Sollima: “La musica non salverà il mondo”

Il Premio Pulitzer Justin Davidson lo ha definito il «Jimi Hendrix del violoncello». Giovanni Sollima non finisce mai di stupire, nemmeno in questa intervista

Da alcuni giorni ha chiuso «un piccolo tour», come lo definisce lui stesso, dedicato al suo ultimo album “We were trees” (Sony Bmg) realizzato con la violoncellista Monika Leskovar e la formazione berlinese Solistenensemble Kaleidoskop. A Mannheim per lavoro – perché Sollima è instancabile, inarrestabile e irraggiungibile – ci racconta dei suoi progetti futuri con quella “stregoneria” nell’anima che lo ha portato ad essere uno fra gli artisti (ed i compositori) più richiesti di questi ultimi vent’anni. Perfezionista con la capacità di creare imbarazzo in chi l’ascolta (nelle istituzioni come nel pubblico), spavaldo e appassionato (dna tipicamente siciliano) eppure affascinante nella sua umiltà, Sollima scrive con l’ispirazione di un inventore. E al pari di Leonardo Da Vinci progetta, crea, stupisce. Così, ecco «i due nuovi programmi per violoncello solo ai quali sto lavorando e le Suite di Johann Sebastian Bach che inciderò prossimamente ma con lentezza, perché Bach cambia di giorno in giorno e fotografarlo con una registrazione è impossibile. Vorrei collaudarlo di più ed osservarlo da tutte le possibili angolazioni». Per Sollima la certezza è una somma di esperienze: se qualcosa si deve lasciare ai posteri, che sia perfetta e ben congegnata. Nulla al caso, anche se l’interprete è un essere umano, e l’uomo – per natura e per definizione – non può raggiungere l’Assoluto. Questo è Sollima e questo sarà il «concerto per violoncello che mi è stato commissionato dalla Budapest Festival Orchestra e che presenterò in Austria e Germania».
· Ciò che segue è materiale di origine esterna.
(*
  (1) NLimAvg: if an automaton computed L_I, every reachable cycle reading only b would have
  non-positive weight, since pumping a positive one gives a word with finitely many a's and a
  run of positive limit average. Cutting out cycles, every b-path then weighs at most
  |Q| * max |weight|. On the word with a's exactly at the factorials, the block of b's between
  k! and (k+1)! therefore pushes the average of every run at time (k+1)! down to O(1/k).

  (2) PosLimAvg: on a word with finitely many a's, almost every run has average below 1/2 at
  arbitrarily late times, so with probability close to 1 already before some finite horizon.
  Placing each next a beyond such a horizon (with tolerance 1/(k+1) at step k) produces a word
  with infinitely many a's, yet almost every run on it has average below 1/2 infinitely often.

  (3) AsLimAvg: an automaton that stays in a weight-0 state and on every a jumps with
  probability 1/2 into an absorbing weight-1 state reaches it almost surely iff the word has
  infinitely many a's, and otherwise never leaves with positive probability.
*)

theory Submission
  imports Defs
begin

section \<open>The probability measure on runs\<close>

abbreviation path_space :: "(nat \<Rightarrow> nat) measure" where
  "path_space \<equiv> PiM UNIV (\<lambda>_. count_space UNIV)"

lemma space_path_space: "space path_space = UNIV"
  by (simp add: space_PiM)

lemma sets_prefix_cylinder: "{r. \<forall>i\<le>n. r i = q i} \<in> sets path_space"
proof -
  have "{r. \<forall>i\<le>n. r i = q i} = (\<Inter>i\<in>{..n}. {r \<in> space path_space. r i \<in> {q i}})"
    by (auto simp: space_path_space)
  also have "\<dots> \<in> sets path_space"
    by (intro sets.finite_INT) (auto intro!: sets_Collect_single)
  finally show ?thesis .
qed

definition run_prefix :: "nat \<Rightarrow> (nat \<Rightarrow> nat) \<Rightarrow> nat list" where
  "run_prefix n r = map r [0..<Suc n]"

lemma run_prefix_eq_iff: "run_prefix n r = run_prefix n r' \<longleftrightarrow> (\<forall>i\<le>n. r i = r' i)"
  unfolding run_prefix_def by (auto simp: map_eq_conv less_Suc_eq_le)

lemma run_prefix_eq_list_iff:
  "run_prefix n r = l \<longleftrightarrow> length l = Suc n \<and> (\<forall>i\<le>n. r i = l ! i)"
  unfolding run_prefix_def list_eq_iff_nth_eq
  by (auto simp del: upt_Suc simp: less_Suc_eq_le nth_map_upt)

lemma vimage_run_prefix_singleton:
  "run_prefix n -` {l} = (if length l = Suc n then {r. \<forall>i\<le>n. r i = l ! i} else {})"
  using run_prefix_eq_list_iff by auto

lemma measurable_run_prefix:
  "sets M = sets path_space \<Longrightarrow> run_prefix n \<in> M \<rightarrow>\<^sub>M count_space UNIV"
  by (subst measurable_count_space_eq2_countable)
     (simp add: sets_eq_imp_space_eq[of M path_space] space_path_space
       vimage_run_prefix_singleton sets_prefix_cylinder)

definition prefix_determined :: "nat \<Rightarrow> (nat \<Rightarrow> nat) set \<Rightarrow> bool" where
  "prefix_determined n S \<longleftrightarrow> (\<forall>r r'. (\<forall>i\<le>n. r i = r' i) \<longrightarrow> (r \<in> S \<longleftrightarrow> r' \<in> S))"

lemma prefix_determined_vimage:
  "prefix_determined n S \<Longrightarrow> S = run_prefix n -` (run_prefix n ` S)"
  unfolding prefix_determined_def run_prefix_eq_iff[symmetric] by blast

lemma sets_prefix_determined:
  assumes "sets M = sets path_space" "prefix_determined n S"
  shows "S \<in> sets M"
proof -
  have "run_prefix n -` (run_prefix n ` S) \<inter> space M \<in> sets M"
    using measurable_run_prefix[OF assms(1)] by (rule measurable_sets) simp
  then show ?thesis
    using prefix_determined_vimage[OF assms(2)] sets_eq_imp_space_eq[OF assms(1)]
    by (simp add: space_path_space)
qed

lemma measurable_prefix_determined:
  assumes "sets M = sets path_space"
    and "\<And>r r'. \<forall>i\<le>n. r i = r' i \<Longrightarrow> f r = f r'"
    and "\<And>r. f r \<in> space N"
  shows "f \<in> M \<rightarrow>\<^sub>M N"
proof -
  define extend :: "nat list \<Rightarrow> nat \<Rightarrow> nat" where
    "extend l i = (if i < length l then l ! i else 0)" for l i
  have "\<forall>i\<le>n. extend (run_prefix n r) i = r i" for r
    by (auto simp: extend_def run_prefix_def nth_map_upt simp del: upt_Suc)
  then have "f = (\<lambda>l. f (extend l)) \<circ> run_prefix n"
    using assms(2) by (auto simp: fun_eq_iff)
  moreover have "(\<lambda>l. f (extend l)) \<in> count_space UNIV \<rightarrow>\<^sub>M N"
    using assms(3) by (simp add: measurable_count_space_eq1)
  ultimately show ?thesis
    using measurable_comp[OF measurable_run_prefix[OF assms(1)]] by metis
qed

definition prefix_prob :: "pwa \<Rightarrow> word \<Rightarrow> nat \<Rightarrow> (nat \<Rightarrow> nat) \<Rightarrow> real" where
  "prefix_prob A w n q =
     pmf (pwa_init A) (q 0) * (\<Prod>i<n. pmf (pwa_trans A (q i) (w i)) (q (Suc i)))"

lemma prefix_prob_cong: "\<forall>i\<le>n. q i = q' i \<Longrightarrow> prefix_prob A w n q = prefix_prob A w n q'"
  unfolding prefix_prob_def by (auto intro!: prod.cong)

lemma prefix_prob_word_cong:
  "\<forall>i<n. w i = w' i \<Longrightarrow> prefix_prob A w n q = prefix_prob A w' n q"
  unfolding prefix_prob_def by (auto intro!: prod.cong)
Un concerto dedito alla “contaminazione”?
«Più o meno, sì. Nei miei programmi in solo ho raccolto spesso brani di Piatti, Boccherini e altri autori che hanno avuto a che fare con la musica popolare: dalla tradizione bizantina e dei Paesi Balcani alla fiddle-music irlandese. Quando scrivo vivo un rapporto del tutto particolare con il suono: un crocevia di idee, un intreccio di percorsi, un grande contenitore dove tutto è movimento. In questo concerto senza titolo (ma ne avrà uno) anche l’organico orchestrale sarà soggetto a cambiamenti con l’introduzione di strumenti insoliti, dalle percussioni autocostruite all’organo Hammond. Insomma, un lavoro da artigiano».
Appunto, l’artigiano che si sporca le mani ma che non sempre gli riesce ciò che ha in testa. A lei questa piace questa definizione?
«Certo, e di non riuscire accade anche a me. C’è una fase in cui raccolgo il materiale, lo lavoro e lo assemblo. Il passo successivo, solitamente accade durante i concerti, è dedicato all’ascolto e al fatto di dover testare personalmente il brano. In realtà non mi sento un compositore ma un violoncellista: scrivo perché suono. La mia è una scrittura fisica con una componente cerebrale che è azione e ricerca. Naturalmente il margine d’errore c’è: anche una struttura ferrea è soggetta a cedimenti».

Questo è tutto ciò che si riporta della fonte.